▶ [WHAT THE TASK REQUIRES] Provide only the number of lines in the following data that contain "blast".

▶ [Records from a dataset]

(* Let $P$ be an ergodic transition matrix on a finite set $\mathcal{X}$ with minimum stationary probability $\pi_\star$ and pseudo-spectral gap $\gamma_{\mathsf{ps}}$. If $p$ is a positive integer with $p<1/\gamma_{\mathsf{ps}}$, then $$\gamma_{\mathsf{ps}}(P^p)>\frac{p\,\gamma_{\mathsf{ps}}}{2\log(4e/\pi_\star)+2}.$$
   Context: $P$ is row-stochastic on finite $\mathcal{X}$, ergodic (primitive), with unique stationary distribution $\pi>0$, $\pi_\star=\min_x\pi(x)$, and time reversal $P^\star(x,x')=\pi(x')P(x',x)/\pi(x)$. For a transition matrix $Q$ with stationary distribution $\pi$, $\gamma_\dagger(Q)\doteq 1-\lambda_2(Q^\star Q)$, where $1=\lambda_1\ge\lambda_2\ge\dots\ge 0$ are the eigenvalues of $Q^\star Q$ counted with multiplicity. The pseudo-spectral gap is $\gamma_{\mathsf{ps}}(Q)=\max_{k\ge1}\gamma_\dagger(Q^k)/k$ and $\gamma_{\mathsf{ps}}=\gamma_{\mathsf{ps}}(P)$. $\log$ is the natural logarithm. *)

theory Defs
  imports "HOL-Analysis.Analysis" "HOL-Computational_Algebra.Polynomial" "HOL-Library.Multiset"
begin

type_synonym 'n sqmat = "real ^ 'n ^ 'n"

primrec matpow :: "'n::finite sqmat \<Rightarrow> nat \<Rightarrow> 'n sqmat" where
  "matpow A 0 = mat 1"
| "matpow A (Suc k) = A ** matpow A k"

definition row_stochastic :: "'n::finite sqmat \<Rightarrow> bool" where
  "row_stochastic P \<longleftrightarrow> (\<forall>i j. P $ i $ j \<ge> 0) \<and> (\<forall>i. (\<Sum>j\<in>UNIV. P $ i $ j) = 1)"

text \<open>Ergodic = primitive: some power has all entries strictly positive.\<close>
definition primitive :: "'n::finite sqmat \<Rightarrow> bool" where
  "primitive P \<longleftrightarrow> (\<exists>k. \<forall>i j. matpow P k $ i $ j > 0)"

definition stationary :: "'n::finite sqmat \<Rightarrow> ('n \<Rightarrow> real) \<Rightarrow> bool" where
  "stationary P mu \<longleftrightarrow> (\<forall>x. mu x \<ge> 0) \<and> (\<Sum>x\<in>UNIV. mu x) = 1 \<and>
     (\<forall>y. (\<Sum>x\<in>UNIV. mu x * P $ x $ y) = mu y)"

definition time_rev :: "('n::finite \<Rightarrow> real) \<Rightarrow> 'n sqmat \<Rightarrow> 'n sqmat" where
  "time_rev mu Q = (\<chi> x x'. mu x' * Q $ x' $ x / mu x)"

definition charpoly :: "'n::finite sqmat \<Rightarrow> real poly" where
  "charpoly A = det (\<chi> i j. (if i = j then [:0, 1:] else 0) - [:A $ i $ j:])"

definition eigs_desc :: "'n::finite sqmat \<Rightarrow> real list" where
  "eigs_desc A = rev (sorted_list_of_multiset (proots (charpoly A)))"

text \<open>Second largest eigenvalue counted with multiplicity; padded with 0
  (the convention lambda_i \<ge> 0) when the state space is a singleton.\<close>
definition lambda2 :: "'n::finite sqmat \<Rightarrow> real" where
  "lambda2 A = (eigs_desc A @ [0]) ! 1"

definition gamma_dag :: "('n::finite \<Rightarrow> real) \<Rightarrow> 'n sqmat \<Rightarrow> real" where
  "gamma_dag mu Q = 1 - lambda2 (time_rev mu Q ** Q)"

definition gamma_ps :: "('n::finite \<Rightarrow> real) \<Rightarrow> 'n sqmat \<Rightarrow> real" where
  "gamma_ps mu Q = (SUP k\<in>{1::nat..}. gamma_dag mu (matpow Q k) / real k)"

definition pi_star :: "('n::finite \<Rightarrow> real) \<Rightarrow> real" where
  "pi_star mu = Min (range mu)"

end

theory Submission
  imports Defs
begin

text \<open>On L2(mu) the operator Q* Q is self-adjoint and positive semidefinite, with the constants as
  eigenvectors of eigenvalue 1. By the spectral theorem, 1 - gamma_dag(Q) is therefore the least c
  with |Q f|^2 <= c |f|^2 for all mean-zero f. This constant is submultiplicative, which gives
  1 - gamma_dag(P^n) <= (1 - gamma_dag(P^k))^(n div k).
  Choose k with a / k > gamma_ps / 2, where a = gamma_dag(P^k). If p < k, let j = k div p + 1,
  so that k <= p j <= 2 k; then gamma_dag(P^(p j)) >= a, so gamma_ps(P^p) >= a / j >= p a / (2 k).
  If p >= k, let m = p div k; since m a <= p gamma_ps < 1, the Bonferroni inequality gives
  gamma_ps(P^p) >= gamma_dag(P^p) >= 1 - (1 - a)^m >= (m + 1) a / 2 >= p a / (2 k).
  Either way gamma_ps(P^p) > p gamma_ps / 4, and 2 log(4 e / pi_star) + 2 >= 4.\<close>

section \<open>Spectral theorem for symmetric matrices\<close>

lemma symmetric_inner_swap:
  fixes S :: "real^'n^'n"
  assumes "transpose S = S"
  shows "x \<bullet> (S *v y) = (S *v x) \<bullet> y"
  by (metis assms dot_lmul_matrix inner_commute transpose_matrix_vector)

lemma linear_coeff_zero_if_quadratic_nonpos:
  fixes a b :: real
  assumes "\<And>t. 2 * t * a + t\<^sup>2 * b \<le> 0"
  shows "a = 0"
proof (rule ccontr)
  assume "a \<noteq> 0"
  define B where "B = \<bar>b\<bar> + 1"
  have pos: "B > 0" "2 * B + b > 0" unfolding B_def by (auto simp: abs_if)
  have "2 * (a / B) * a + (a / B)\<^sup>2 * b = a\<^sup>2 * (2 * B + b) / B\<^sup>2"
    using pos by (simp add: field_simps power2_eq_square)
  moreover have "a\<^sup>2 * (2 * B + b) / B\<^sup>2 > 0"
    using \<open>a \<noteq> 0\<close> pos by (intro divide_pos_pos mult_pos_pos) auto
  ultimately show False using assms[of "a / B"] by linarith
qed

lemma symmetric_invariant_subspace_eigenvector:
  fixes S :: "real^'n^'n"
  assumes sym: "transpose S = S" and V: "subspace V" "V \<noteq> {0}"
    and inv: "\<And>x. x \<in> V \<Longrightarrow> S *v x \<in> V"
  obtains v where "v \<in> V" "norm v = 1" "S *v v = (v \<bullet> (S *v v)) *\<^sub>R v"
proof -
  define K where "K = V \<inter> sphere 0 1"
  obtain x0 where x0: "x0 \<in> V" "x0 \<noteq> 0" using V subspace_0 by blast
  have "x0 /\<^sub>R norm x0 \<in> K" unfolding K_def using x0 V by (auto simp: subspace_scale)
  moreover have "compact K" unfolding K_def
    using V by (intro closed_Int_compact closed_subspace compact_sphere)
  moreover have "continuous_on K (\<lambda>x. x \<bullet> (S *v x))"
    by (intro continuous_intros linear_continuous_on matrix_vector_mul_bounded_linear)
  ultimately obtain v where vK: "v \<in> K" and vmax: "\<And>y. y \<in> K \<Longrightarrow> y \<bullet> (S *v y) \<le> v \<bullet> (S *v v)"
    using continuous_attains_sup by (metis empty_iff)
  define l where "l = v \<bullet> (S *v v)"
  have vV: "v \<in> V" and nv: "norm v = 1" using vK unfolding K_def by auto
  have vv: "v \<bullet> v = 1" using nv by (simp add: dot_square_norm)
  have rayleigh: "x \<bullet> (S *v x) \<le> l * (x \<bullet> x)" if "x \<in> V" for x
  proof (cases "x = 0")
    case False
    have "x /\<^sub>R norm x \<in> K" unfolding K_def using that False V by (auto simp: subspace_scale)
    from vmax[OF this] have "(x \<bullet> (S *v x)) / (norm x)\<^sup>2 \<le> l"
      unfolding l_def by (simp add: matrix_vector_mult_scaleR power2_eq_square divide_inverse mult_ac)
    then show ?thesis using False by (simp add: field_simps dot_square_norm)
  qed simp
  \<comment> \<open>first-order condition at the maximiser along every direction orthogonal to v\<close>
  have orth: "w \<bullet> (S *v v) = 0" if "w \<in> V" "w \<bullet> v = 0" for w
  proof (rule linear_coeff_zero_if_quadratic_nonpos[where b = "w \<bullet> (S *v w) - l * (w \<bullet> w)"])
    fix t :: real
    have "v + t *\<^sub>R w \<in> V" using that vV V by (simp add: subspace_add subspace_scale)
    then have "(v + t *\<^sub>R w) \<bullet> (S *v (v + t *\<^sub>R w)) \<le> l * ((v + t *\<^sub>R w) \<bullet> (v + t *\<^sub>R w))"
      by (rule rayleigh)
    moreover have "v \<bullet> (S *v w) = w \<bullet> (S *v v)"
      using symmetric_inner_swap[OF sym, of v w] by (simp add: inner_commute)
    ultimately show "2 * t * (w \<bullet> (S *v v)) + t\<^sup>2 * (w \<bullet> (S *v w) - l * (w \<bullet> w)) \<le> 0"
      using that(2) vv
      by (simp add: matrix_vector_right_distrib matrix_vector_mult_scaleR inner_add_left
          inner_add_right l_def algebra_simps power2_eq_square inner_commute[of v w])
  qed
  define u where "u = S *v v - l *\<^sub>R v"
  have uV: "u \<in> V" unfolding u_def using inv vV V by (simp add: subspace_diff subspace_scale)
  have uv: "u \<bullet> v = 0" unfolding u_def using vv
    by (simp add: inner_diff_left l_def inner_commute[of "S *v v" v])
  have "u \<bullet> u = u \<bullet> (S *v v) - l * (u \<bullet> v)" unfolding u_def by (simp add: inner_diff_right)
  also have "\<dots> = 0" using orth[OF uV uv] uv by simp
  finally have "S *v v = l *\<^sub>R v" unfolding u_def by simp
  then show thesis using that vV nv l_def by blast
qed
* * *
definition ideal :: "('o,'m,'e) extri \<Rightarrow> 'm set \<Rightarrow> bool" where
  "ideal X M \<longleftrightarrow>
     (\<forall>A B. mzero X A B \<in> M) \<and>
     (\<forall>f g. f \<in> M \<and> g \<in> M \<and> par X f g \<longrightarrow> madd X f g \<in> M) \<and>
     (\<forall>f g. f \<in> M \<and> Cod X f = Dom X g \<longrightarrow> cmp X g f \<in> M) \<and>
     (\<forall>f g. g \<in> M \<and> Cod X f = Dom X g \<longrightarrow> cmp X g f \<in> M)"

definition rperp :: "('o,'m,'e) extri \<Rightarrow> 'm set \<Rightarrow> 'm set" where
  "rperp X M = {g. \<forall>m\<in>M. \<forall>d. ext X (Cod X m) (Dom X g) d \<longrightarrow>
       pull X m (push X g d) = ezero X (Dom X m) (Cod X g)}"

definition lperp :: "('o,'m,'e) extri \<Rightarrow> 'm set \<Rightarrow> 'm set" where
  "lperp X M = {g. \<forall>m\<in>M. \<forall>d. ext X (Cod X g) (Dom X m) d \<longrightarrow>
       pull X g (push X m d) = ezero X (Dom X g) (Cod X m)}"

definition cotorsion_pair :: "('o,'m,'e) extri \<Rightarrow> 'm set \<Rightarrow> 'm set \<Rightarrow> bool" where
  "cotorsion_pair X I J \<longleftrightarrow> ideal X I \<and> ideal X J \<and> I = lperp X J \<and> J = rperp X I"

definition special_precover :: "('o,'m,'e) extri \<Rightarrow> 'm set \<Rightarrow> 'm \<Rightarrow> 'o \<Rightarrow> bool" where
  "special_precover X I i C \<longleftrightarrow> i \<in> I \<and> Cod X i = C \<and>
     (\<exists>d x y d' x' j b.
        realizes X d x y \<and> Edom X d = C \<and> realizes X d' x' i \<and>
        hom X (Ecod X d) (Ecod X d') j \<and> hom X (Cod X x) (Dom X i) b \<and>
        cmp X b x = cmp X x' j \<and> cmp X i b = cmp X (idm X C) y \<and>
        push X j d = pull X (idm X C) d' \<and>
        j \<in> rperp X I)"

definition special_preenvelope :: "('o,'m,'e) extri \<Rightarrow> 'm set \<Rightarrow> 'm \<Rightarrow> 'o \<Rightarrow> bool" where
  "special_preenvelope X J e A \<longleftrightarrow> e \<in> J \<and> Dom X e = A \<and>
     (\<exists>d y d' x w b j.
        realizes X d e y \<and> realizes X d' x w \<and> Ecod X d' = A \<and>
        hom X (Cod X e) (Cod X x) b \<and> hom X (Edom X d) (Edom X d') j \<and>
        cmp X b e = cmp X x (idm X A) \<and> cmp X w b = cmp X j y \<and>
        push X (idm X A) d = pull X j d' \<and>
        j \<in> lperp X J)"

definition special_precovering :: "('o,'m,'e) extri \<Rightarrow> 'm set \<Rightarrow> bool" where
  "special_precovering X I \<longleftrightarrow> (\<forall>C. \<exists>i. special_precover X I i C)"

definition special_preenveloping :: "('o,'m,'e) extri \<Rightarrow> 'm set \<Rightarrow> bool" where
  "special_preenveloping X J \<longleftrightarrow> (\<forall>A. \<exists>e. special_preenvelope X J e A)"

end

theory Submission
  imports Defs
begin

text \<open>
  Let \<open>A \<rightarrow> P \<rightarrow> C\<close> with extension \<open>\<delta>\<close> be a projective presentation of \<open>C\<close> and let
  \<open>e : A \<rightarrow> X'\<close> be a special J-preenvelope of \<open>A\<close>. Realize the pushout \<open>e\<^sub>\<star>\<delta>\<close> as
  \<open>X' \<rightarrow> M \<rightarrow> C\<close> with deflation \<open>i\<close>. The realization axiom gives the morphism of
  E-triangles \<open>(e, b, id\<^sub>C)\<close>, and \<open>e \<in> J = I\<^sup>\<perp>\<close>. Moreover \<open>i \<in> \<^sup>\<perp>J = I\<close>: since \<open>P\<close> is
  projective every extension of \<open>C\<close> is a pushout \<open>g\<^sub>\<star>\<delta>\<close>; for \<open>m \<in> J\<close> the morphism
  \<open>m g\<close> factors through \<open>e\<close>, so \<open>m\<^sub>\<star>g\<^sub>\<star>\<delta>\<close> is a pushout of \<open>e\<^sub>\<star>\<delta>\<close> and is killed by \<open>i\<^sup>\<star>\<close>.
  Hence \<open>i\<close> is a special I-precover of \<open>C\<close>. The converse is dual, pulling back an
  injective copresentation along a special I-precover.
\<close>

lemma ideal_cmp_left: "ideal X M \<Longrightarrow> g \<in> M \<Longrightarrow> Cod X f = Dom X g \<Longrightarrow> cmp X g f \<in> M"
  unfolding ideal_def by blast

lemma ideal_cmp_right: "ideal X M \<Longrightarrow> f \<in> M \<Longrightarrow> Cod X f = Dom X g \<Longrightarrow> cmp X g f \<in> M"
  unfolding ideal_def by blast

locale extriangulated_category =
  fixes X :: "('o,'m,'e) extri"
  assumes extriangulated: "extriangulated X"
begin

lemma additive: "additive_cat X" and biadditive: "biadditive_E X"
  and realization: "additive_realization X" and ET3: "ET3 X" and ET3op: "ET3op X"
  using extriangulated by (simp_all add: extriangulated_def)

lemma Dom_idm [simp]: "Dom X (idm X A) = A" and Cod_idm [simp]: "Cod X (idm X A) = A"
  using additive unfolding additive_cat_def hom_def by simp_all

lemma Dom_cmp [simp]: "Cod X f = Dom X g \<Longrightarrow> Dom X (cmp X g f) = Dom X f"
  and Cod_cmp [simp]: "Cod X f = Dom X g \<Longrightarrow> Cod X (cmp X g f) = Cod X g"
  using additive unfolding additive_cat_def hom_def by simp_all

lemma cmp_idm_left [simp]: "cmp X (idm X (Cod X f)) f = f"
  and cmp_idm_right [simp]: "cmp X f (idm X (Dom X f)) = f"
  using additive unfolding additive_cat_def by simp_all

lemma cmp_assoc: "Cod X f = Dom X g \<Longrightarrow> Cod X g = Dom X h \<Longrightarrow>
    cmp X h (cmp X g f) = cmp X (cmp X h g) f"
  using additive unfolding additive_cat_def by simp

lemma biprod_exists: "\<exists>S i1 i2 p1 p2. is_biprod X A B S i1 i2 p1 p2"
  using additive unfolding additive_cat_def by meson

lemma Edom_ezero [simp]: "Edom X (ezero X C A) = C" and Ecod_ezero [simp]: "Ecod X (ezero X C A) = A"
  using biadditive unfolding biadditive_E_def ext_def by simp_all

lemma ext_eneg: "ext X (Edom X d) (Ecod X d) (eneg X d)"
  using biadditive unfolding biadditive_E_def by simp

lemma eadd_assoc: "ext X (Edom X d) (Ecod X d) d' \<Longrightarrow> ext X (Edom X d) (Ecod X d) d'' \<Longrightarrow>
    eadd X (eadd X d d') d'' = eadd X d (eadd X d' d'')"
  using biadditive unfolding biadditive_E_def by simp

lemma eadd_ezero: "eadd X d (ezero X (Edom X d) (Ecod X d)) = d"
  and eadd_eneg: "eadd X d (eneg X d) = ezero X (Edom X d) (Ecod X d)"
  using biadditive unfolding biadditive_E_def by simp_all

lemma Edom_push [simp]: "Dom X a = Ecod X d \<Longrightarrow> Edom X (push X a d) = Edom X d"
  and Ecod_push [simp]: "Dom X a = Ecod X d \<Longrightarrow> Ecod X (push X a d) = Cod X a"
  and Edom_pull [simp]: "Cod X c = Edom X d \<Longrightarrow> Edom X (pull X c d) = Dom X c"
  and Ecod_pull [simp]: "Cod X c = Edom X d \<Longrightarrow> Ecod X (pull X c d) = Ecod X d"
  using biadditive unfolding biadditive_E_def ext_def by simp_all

▶ [RESULT OF THIS TASK] 4